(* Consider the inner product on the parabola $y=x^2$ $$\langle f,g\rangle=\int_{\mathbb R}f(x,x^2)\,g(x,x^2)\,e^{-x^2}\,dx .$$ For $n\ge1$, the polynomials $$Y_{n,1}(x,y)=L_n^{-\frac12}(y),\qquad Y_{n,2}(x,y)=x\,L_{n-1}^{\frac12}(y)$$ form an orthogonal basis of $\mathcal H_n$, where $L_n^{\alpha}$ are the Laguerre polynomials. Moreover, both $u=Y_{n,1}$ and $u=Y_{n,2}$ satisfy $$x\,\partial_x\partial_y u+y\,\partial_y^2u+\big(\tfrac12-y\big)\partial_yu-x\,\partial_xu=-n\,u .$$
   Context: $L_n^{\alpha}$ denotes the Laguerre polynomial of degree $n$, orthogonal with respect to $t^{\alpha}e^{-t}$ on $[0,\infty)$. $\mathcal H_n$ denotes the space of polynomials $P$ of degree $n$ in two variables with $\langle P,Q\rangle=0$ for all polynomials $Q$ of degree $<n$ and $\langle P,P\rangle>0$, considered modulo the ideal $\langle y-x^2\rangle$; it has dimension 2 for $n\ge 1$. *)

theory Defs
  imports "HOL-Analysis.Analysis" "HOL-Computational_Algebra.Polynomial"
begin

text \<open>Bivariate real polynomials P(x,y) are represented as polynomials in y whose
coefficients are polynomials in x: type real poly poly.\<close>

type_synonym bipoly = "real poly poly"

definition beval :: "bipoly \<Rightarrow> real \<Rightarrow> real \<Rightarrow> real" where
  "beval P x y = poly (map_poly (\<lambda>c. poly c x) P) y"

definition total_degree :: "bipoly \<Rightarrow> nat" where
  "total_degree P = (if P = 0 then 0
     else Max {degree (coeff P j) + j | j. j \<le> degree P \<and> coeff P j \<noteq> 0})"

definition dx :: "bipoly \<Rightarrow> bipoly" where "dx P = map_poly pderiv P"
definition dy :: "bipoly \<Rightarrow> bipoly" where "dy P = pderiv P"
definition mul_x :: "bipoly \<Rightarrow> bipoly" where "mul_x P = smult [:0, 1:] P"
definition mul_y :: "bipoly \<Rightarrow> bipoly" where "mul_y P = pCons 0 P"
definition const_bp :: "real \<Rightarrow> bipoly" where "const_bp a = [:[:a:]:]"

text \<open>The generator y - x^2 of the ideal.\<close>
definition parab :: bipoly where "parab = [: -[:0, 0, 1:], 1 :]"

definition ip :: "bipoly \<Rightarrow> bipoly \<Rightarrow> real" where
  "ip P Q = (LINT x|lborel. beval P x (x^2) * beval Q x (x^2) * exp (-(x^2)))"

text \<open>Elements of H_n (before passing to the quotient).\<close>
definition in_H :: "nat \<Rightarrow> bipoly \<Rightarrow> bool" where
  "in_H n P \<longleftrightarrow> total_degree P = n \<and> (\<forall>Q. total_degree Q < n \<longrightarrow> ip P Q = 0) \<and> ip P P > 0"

## EXERCISE PROMPT
Please write out, exactly as they appear above, only the lines in the stretch from the line with "poly (map_poly (\<lambda>c." through the line with "definition parab :: bipoly".

## RESULT
  "beval P x y = poly (map_poly (\<lambda>c. poly c x) P) y"

definition total_degree :: "bipoly \<Rightarrow> nat" where
  "total_degree P = (if P = 0 then 0
     else Max {degree (coeff P j) + j | j. j \<le> degree P \<and> coeff P j \<noteq> 0})"

definition dx :: "bipoly \<Rightarrow> bipoly" where "dx P = map_poly pderiv P"
definition dy :: "bipoly \<Rightarrow> bipoly" where "dy P = pderiv P"
definition mul_x :: "bipoly \<Rightarrow> bipoly" where "mul_x P = smult [:0, 1:] P"
definition mul_y :: "bipoly \<Rightarrow> bipoly" where "mul_y P = pCons 0 P"
definition const_bp :: "real \<Rightarrow> bipoly" where "const_bp a = [:[:a:]:]"

text \<open>The generator y - x^2 of the ideal.\<close>
definition parab :: bipoly where "parab = [: -[:0, 0, 1:], 1 :]"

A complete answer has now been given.